# Stored items from a collection
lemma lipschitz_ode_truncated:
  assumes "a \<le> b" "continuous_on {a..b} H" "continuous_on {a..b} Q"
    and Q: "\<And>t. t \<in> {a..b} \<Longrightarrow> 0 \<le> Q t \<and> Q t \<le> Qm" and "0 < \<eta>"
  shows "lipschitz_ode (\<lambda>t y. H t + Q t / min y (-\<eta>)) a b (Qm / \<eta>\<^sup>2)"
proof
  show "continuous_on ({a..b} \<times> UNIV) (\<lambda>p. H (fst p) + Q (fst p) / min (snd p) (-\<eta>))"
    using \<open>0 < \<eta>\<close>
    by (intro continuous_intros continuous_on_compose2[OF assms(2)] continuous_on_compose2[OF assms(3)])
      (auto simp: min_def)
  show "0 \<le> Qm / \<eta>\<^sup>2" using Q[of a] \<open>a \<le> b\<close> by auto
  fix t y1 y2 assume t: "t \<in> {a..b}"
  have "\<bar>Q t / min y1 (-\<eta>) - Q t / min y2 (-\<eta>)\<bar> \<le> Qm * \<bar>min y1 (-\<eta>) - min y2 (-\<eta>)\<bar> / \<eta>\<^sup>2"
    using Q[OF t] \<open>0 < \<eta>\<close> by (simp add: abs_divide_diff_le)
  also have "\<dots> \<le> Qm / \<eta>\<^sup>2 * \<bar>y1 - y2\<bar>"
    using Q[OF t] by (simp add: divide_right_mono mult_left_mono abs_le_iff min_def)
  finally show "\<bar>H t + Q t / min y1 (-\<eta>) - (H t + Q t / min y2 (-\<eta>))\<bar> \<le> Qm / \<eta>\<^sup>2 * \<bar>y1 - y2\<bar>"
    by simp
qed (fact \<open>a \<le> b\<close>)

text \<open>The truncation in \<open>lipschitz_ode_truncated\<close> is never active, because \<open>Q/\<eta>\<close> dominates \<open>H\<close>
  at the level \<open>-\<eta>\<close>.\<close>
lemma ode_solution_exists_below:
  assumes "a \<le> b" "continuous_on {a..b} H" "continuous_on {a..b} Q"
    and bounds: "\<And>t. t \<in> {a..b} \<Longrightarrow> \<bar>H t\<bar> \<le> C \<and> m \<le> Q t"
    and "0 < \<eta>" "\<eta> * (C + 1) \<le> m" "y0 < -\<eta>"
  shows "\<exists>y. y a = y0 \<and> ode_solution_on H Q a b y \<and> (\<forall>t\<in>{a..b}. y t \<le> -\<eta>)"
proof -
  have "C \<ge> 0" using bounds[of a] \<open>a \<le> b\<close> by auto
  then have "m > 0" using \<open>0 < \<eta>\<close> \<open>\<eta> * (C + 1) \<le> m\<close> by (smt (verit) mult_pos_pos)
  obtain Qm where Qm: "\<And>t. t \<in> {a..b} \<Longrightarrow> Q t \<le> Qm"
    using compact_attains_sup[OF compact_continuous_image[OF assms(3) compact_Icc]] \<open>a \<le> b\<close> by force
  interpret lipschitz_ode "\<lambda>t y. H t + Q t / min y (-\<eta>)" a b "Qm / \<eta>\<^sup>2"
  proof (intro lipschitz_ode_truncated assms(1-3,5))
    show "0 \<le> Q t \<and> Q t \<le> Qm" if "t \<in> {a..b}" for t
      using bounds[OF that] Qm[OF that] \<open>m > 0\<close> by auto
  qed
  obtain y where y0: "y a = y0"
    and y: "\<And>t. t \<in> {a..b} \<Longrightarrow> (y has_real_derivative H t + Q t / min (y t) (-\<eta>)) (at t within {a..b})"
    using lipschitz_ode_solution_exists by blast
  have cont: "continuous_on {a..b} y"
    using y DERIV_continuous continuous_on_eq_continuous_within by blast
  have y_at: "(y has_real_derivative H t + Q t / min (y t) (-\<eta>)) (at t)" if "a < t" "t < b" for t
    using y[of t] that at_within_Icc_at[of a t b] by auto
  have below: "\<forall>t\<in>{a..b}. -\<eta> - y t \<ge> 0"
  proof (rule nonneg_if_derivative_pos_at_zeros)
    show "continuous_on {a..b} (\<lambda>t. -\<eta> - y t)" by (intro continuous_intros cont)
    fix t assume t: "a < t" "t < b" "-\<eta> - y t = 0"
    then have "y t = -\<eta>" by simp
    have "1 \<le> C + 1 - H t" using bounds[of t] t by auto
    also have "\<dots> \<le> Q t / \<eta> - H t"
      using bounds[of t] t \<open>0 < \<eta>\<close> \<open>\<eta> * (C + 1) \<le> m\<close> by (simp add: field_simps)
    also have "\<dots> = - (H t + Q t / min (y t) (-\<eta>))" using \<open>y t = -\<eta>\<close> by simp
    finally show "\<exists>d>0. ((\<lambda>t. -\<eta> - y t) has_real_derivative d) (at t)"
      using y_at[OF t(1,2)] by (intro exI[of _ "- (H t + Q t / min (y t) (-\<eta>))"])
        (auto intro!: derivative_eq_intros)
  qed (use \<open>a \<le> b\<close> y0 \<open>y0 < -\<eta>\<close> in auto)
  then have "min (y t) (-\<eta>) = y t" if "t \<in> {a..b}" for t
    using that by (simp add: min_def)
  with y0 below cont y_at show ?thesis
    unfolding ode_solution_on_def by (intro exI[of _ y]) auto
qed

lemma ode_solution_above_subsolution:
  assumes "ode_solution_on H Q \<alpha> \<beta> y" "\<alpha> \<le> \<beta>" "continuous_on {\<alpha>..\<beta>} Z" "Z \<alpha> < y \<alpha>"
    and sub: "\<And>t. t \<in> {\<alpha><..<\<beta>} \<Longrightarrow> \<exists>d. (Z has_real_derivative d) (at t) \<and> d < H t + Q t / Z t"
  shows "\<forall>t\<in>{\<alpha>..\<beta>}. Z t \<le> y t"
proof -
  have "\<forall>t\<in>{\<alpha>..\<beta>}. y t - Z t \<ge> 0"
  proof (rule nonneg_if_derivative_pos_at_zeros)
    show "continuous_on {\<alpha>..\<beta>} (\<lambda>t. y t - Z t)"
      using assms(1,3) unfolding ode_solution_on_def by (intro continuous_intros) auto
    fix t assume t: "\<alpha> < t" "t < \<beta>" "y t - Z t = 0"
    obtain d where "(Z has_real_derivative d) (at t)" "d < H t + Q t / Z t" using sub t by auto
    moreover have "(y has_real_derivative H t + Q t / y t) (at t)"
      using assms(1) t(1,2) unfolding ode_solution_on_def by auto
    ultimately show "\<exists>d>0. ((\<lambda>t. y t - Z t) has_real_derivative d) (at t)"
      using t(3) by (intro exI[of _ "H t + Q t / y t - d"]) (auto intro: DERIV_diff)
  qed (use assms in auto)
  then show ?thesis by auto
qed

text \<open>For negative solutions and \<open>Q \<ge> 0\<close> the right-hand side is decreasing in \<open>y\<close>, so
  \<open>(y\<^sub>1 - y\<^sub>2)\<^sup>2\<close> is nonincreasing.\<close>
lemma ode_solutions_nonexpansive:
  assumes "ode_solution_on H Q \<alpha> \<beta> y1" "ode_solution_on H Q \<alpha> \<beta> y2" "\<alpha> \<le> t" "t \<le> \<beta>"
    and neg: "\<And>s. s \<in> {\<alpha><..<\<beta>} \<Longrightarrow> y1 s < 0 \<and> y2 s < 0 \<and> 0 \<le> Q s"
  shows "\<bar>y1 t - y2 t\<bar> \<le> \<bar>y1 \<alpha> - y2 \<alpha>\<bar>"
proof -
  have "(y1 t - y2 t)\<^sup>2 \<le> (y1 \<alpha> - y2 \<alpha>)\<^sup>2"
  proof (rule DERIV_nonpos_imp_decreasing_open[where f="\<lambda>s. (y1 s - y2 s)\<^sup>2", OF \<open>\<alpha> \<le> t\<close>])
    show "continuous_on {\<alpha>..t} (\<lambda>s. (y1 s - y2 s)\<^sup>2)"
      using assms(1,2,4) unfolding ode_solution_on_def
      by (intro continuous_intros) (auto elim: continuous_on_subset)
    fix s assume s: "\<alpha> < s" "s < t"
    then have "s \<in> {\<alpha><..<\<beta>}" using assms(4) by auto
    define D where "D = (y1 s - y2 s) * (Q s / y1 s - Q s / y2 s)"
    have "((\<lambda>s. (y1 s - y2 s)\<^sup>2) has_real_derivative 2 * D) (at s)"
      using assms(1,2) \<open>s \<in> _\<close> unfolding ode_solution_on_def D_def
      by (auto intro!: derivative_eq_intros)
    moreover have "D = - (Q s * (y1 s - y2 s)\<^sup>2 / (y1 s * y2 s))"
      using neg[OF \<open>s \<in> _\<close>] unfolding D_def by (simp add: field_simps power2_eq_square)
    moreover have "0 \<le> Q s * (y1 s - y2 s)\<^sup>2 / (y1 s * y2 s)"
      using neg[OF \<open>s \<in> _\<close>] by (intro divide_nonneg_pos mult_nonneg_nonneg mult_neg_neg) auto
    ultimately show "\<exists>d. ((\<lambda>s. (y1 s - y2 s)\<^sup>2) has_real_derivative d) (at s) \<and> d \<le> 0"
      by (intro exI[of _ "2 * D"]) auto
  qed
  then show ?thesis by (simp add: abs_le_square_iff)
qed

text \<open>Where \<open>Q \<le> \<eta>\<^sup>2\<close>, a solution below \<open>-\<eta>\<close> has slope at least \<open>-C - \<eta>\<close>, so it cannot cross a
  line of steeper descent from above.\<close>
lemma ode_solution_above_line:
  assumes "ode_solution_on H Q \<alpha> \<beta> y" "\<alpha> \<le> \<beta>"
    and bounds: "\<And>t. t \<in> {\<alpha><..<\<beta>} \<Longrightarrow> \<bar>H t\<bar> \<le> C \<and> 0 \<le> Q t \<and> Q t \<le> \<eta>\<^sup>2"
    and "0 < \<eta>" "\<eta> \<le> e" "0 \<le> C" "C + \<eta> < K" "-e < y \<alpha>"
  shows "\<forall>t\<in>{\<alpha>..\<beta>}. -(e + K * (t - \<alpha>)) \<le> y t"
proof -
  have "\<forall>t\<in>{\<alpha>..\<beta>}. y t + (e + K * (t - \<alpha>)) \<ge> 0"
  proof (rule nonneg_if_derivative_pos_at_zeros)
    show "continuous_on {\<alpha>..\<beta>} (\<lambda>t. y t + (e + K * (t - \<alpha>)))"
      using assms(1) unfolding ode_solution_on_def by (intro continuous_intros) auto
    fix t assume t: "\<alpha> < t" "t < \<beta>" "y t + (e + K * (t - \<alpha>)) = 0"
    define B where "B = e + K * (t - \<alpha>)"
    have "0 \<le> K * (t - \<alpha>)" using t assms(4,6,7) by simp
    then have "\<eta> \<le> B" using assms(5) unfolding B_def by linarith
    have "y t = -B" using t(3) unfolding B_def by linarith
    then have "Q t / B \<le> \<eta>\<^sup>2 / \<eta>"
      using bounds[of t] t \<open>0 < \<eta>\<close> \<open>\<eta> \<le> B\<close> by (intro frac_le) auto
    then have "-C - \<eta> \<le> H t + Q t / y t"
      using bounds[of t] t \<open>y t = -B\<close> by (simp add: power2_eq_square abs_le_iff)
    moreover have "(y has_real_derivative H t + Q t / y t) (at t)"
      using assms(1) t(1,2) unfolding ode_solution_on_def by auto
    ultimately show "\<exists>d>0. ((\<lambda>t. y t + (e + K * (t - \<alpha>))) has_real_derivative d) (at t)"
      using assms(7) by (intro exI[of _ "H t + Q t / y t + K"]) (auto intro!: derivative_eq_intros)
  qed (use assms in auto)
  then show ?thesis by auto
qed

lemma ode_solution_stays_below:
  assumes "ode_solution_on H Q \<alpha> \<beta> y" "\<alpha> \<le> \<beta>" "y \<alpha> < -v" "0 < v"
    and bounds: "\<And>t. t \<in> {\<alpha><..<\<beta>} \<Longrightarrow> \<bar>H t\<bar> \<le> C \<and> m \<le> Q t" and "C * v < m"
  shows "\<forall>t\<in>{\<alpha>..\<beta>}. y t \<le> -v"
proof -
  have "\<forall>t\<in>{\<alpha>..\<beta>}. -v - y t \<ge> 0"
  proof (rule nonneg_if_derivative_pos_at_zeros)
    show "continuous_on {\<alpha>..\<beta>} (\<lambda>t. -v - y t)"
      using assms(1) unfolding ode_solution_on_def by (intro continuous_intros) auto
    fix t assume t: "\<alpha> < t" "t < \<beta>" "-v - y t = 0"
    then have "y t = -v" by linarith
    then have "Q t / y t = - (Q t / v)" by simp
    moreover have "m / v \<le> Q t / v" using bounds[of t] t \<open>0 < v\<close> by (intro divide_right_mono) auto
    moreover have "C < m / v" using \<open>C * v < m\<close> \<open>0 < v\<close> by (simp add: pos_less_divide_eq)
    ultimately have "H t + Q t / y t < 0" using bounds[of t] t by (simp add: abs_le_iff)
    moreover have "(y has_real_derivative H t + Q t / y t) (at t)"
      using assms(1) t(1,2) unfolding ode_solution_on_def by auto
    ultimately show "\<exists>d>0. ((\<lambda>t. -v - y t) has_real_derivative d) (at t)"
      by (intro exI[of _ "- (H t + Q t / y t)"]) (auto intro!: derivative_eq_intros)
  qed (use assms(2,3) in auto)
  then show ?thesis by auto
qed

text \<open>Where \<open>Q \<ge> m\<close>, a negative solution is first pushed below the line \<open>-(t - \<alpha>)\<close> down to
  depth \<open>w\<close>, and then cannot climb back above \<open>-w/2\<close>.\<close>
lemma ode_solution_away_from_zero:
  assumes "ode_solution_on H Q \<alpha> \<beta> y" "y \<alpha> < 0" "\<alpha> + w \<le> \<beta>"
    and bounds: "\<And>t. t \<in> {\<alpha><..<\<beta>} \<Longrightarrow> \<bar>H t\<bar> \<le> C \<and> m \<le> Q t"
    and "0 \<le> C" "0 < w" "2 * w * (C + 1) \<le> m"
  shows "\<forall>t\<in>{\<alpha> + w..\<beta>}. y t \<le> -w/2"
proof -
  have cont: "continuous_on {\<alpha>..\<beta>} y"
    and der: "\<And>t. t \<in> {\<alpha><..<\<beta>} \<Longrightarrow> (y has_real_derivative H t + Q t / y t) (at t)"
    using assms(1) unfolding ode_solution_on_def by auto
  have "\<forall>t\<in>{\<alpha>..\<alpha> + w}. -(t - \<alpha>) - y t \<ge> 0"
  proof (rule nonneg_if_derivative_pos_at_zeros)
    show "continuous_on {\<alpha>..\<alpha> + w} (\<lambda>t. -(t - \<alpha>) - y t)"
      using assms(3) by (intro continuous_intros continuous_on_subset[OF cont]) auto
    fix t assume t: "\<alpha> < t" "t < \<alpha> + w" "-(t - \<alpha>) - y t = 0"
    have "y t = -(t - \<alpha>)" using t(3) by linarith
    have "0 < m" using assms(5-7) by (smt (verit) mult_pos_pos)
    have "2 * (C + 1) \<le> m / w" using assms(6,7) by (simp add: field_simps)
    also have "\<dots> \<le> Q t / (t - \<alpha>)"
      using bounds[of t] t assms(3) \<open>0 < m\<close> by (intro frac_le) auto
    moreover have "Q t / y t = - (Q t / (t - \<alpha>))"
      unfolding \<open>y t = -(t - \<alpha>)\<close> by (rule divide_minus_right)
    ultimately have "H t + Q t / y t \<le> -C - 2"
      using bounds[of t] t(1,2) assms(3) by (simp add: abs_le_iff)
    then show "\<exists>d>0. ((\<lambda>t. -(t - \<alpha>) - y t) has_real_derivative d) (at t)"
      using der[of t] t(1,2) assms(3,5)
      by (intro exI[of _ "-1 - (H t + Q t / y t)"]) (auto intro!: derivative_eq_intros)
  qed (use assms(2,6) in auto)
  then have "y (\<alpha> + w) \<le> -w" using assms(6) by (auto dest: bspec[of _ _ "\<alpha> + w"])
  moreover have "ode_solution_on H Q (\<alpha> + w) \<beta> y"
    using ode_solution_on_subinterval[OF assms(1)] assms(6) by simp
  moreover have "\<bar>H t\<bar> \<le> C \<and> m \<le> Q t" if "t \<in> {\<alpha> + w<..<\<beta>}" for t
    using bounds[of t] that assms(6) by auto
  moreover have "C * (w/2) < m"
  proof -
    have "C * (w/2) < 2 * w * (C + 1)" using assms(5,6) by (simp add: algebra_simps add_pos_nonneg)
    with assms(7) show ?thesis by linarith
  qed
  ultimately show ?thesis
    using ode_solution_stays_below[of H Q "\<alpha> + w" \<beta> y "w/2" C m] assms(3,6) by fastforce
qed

# Directions for this task
Please copy the lines in the records above between the one holding "t] t by auto" and the one holding "(at t) \<and>", inclusive, exactly and with no other line.

# Result of the task
    have "1 \<le> C + 1 - H t" using bounds[of t] t by auto
    also have "\<dots> \<le> Q t / \<eta> - H t"
      using bounds[of t] t \<open>0 < \<eta>\<close> \<open>\<eta> * (C + 1) \<le> m\<close> by (simp add: field_simps)
    also have "\<dots> = - (H t + Q t / min (y t) (-\<eta>))" using \<open>y t = -\<eta>\<close> by simp
    finally show "\<exists>d>0. ((\<lambda>t. -\<eta> - y t) has_real_derivative d) (at t)"
      using y_at[OF t(1,2)] by (intro exI[of _ "- (H t + Q t / min (y t) (-\<eta>))"])
        (auto intro!: derivative_eq_intros)
  qed (use \<open>a \<le> b\<close> y0 \<open>y0 < -\<eta>\<close> in auto)
  then have "min (y t) (-\<eta>) = y t" if "t \<in> {a..b}" for t
    using that by (simp add: min_def)
  with y0 below cont y_at show ?thesis
    unfolding ode_solution_on_def by (intro exI[of _ y]) auto
qed

lemma ode_solution_above_subsolution:
  assumes "ode_solution_on H Q \<alpha> \<beta> y" "\<alpha> \<le> \<beta>" "continuous_on {\<alpha>..\<beta>} Z" "Z \<alpha> < y \<alpha>"
    and sub: "\<And>t. t \<in> {\<alpha><..<\<beta>} \<Longrightarrow> \<exists>d. (Z has_real_derivative d) (at t) \<and> d < H t + Q t / Z t"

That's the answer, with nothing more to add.